### TASK BRIEF
Entries follow. Give back exactly the lines starting at the one containing "by (simp add: algebra_simps)" and ending at the one containing "by (simp add: prime_elem_multiplicity_mult_distrib[OF", and no other lines.

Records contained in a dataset

text \<open>
  If every \<open>P\<^sub>k\<close> is constant, the only nonempty fibre is \<open>S\<close> itself, which is infinite.
  Otherwise some \<open>a = P\<^sub>k\<close> is nonconstant. Let \<open>p\<^sup>v\<close> be the largest power of \<open>p\<close> dividing all
  nonconstant coefficients of \<open>a\<close> and \<open>D \<ge> 1\<close> the last index whose coefficient is not
  divisible by \<open>p\<^sup>v\<^sup>+\<^sup>1\<close>. Then \<open>a\<close> takes every value at most \<open>D\<close> times on \<open>\<nat>\<close>, a Strassmann-type
  bound: given \<open>D + 1\<close> points \<open>\<le> M\<close> with equal value, truncate \<open>a\<close> modulo \<open>p\<^sup>v\<^sup>+\<^sup>1\<^sup>+\<^sup>D\<^sup>M\<close> to an
  integer polynomial and divide out the points one at a time by synthetic division. Distinct
  points \<open>\<le> M\<close> differ by less than \<open>p\<^sup>M\<^sup>+\<^sup>1\<close>, so each division loses at most \<open>M\<close> in \<open>p\<close>-adic
  valuation, while the coefficient pattern survives with \<open>D\<close> lowered by one. At \<open>D = 0\<close> only the
  constant coefficient escapes divisibility by \<open>p\<^sup>v\<^sup>+\<^sup>1\<close>, so the polynomial cannot vanish modulo
  \<open>p\<^sup>v\<^sup>+\<^sup>1\<close> at any point.
\<close>

lemma dvd_poly_if_dvd_coeffs:
  fixes G :: "'a::comm_semiring_1 poly"
  assumes "\<And>i. d dvd coeff G i"
  shows "d dvd poly G x"
  unfolding poly_altdef using assms by (auto intro!: dvd_sum)

lemma poly_shift_eq_pCons:
  "poly_shift n G = pCons (coeff G n) (poly_shift (Suc n) G)"
  by (simp add: poly_eq_iff coeff_poly_shift coeff_pCons split: nat.split)

lemma poly_shift_Suc_pCons [simp]:
  "poly_shift (Suc n) (pCons a G) = poly_shift n G"
  by (simp add: poly_eq_iff coeff_poly_shift)

lemma coeff_synthetic_div_eq_poly_shift:
  "coeff (synthetic_div G c) j = poly (poly_shift (Suc j) G) c"
proof (induction G arbitrary: j)
  case (pCons a G)
  then show ?case by (cases j) simp_all
qed simp

lemma coeff_synthetic_div_rec:
  "coeff (synthetic_div G c) j = coeff G (Suc j) + c * coeff (synthetic_div G c) (Suc j)"
  unfolding coeff_synthetic_div_eq_poly_shift by (subst poly_shift_eq_pCons) simp

lemma dvd_coeff_synthetic_div:
  fixes G :: "'a::comm_semiring_1 poly"
  assumes "\<And>m. m > j \<Longrightarrow> d dvd coeff G m"
  shows "d dvd coeff (synthetic_div G c) j"
  unfolding coeff_synthetic_div_eq_poly_shift
  by (rule dvd_poly_if_dvd_coeffs) (simp add: coeff_poly_shift assms)

lemma poly_diff_eq_synthetic_div:
  fixes G :: "'a::comm_ring_1 poly"
  shows "poly G x - poly G c = (x - c) * poly (synthetic_div G c) x"
  using arg_cong[OF synthetic_div_correct'[of c G], of "\<lambda>q. poly q x"]
  by (simp add: algebra_simps)

lemma prime_power_dvd_mult_cancel:
  fixes p a b :: "'a::factorial_semiring"
  assumes "prime_elem p" "\<not> p ^ Suc M dvd a" "p ^ (e + M) dvd a * b"
  shows "p ^ e dvd b"
proof (cases "b = 0")
  case False
  have "a \<noteq> 0" using assms(2) by auto
  note multiplicity_iff = power_dvd_iff_le_multiplicity[OF _ prime_elem_not_unit[OF assms(1)]]
  have "multiplicity p a \<le> M"
    using assms(2) multiplicity_iff[OF \<open>a \<noteq> 0\<close>, of "Suc M"] by simp
  moreover have "e + M \<le> multiplicity p a + multiplicity p b"
    using assms(3) multiplicity_iff[of "a * b"] \<open>a \<noteq> 0\<close> False
    by (simp add: prime_elem_multiplicity_mult_distrib[OF assms(1)])
  ultimately show ?thesis using multiplicity_iff[OF False] by simp
qed simp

### RESPONSE
  by (simp add: algebra_simps)

lemma prime_power_dvd_mult_cancel:
  fixes p a b :: "'a::factorial_semiring"
  assumes "prime_elem p" "\<not> p ^ Suc M dvd a" "p ^ (e + M) dvd a * b"
  shows "p ^ e dvd b"
proof (cases "b = 0")
  case False
  have "a \<noteq> 0" using assms(2) by auto
  note multiplicity_iff = power_dvd_iff_le_multiplicity[OF _ prime_elem_not_unit[OF assms(1)]]
  have "multiplicity p a \<le> M"
    using assms(2) multiplicity_iff[OF \<open>a \<noteq> 0\<close>, of "Suc M"] by simp
  moreover have "e + M \<le> multiplicity p a + multiplicity p b"
    using assms(3) multiplicity_iff[of "a * b"] \<open>a \<noteq> 0\<close> False
    by (simp add: prime_elem_multiplicity_mult_distrib[OF assms(1)])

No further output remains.